Segment Open

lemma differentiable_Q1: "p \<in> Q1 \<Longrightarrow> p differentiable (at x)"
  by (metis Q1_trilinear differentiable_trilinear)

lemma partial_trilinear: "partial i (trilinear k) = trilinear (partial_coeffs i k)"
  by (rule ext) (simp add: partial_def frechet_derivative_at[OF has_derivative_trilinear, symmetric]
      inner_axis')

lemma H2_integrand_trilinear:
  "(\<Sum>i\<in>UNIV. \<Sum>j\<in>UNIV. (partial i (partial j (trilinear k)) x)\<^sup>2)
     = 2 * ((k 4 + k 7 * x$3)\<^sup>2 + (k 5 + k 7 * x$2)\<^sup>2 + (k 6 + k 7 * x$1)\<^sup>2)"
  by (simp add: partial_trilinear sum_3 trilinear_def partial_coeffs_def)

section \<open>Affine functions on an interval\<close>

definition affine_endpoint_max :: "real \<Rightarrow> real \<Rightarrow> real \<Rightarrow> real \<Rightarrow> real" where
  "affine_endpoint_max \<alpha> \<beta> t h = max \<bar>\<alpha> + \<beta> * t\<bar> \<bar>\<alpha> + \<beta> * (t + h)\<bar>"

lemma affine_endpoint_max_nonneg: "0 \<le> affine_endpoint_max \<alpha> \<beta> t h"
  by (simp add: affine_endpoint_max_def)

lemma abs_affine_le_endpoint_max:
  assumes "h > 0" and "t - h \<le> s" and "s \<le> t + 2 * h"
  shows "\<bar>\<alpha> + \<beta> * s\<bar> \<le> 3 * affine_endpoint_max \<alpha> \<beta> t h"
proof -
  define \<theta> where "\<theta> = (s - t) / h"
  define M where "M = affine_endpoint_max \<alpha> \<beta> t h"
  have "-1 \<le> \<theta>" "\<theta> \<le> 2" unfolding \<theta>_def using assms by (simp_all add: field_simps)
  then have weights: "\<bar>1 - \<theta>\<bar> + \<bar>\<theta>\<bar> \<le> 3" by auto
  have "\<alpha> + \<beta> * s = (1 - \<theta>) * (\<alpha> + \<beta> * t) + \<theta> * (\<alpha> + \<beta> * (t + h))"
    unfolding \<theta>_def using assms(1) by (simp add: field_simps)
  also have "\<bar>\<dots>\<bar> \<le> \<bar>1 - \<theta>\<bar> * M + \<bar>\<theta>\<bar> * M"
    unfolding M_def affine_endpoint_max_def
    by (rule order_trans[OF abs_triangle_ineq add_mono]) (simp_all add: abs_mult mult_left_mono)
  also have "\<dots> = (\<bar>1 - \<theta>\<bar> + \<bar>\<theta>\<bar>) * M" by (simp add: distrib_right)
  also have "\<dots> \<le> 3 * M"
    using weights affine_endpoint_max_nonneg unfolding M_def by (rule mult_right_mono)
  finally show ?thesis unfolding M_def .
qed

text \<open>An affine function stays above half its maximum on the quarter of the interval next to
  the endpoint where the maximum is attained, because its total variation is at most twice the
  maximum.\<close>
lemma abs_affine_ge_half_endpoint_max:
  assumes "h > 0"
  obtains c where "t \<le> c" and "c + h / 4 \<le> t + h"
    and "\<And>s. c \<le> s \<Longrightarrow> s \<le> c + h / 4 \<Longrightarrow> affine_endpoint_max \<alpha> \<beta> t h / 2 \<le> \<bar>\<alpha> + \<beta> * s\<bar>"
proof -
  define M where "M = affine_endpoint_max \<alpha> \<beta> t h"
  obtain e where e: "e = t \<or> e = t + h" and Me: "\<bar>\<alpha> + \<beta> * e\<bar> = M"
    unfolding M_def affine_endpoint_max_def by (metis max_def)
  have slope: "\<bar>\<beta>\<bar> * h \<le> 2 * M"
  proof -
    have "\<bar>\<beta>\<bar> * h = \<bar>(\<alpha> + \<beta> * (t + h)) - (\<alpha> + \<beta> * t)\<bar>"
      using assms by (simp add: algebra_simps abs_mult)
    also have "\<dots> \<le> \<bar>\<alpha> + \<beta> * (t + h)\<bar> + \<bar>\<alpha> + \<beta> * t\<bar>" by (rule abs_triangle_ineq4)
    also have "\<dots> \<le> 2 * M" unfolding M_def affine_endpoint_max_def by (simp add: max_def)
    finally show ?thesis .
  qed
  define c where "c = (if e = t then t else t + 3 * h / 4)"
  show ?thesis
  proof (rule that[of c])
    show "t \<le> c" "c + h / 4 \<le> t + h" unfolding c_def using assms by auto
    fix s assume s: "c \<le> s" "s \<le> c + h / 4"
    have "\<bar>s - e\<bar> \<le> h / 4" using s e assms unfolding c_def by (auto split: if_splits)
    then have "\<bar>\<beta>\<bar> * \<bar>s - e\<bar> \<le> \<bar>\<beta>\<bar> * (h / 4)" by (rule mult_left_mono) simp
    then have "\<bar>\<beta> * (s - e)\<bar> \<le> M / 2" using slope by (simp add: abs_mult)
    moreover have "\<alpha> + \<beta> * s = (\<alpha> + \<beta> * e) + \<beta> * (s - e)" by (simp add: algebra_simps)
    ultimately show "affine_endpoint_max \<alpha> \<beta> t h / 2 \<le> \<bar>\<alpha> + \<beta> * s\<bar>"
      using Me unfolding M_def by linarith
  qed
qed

Segment Closed
Segment Open

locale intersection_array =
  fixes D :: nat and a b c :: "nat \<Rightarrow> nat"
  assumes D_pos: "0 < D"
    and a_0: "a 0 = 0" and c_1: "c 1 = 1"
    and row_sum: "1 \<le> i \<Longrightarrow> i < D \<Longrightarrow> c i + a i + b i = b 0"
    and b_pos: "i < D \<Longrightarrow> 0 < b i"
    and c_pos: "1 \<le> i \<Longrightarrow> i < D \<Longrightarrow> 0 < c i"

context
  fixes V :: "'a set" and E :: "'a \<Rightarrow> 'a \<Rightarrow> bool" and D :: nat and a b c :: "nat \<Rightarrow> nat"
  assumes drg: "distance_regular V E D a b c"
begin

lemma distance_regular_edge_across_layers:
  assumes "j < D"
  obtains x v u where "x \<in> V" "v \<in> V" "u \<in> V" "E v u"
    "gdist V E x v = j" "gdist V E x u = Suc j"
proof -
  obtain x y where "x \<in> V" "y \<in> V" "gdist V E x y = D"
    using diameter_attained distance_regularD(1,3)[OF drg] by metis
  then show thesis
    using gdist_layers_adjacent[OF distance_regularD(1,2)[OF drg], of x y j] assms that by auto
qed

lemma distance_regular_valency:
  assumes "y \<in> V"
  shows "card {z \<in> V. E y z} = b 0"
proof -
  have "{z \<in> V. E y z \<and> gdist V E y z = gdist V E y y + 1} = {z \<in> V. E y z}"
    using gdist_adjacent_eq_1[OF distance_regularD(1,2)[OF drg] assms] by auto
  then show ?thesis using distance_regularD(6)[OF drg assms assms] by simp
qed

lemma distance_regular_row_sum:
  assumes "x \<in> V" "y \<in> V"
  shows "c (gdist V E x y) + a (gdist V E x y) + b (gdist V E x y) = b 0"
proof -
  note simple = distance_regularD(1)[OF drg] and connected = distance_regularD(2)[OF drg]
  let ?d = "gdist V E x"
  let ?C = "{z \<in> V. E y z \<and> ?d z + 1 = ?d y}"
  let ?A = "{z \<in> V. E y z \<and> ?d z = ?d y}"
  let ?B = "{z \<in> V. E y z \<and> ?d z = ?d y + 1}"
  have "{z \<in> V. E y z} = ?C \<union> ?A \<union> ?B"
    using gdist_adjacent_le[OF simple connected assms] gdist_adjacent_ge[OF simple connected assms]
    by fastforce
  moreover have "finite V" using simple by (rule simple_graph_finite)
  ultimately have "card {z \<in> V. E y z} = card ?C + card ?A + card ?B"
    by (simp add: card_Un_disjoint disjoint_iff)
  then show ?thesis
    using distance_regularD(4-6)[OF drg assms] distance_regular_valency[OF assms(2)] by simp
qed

Segment Closed

▶ _Problem description_
With the first line being the one containing "by (simp add: partial_trilinear" and the last line the one containing "real \<Rightarrow> real \<Rightarrow> real", transcribe exactly the lines above that fall in that range.

▶ _Answer below_
  by (simp add: partial_trilinear sum_3 trilinear_def partial_coeffs_def)

section \<open>Affine functions on an interval\<close>

definition affine_endpoint_max :: "real \<Rightarrow> real \<Rightarrow> real \<Rightarrow> real \<Rightarrow> real" where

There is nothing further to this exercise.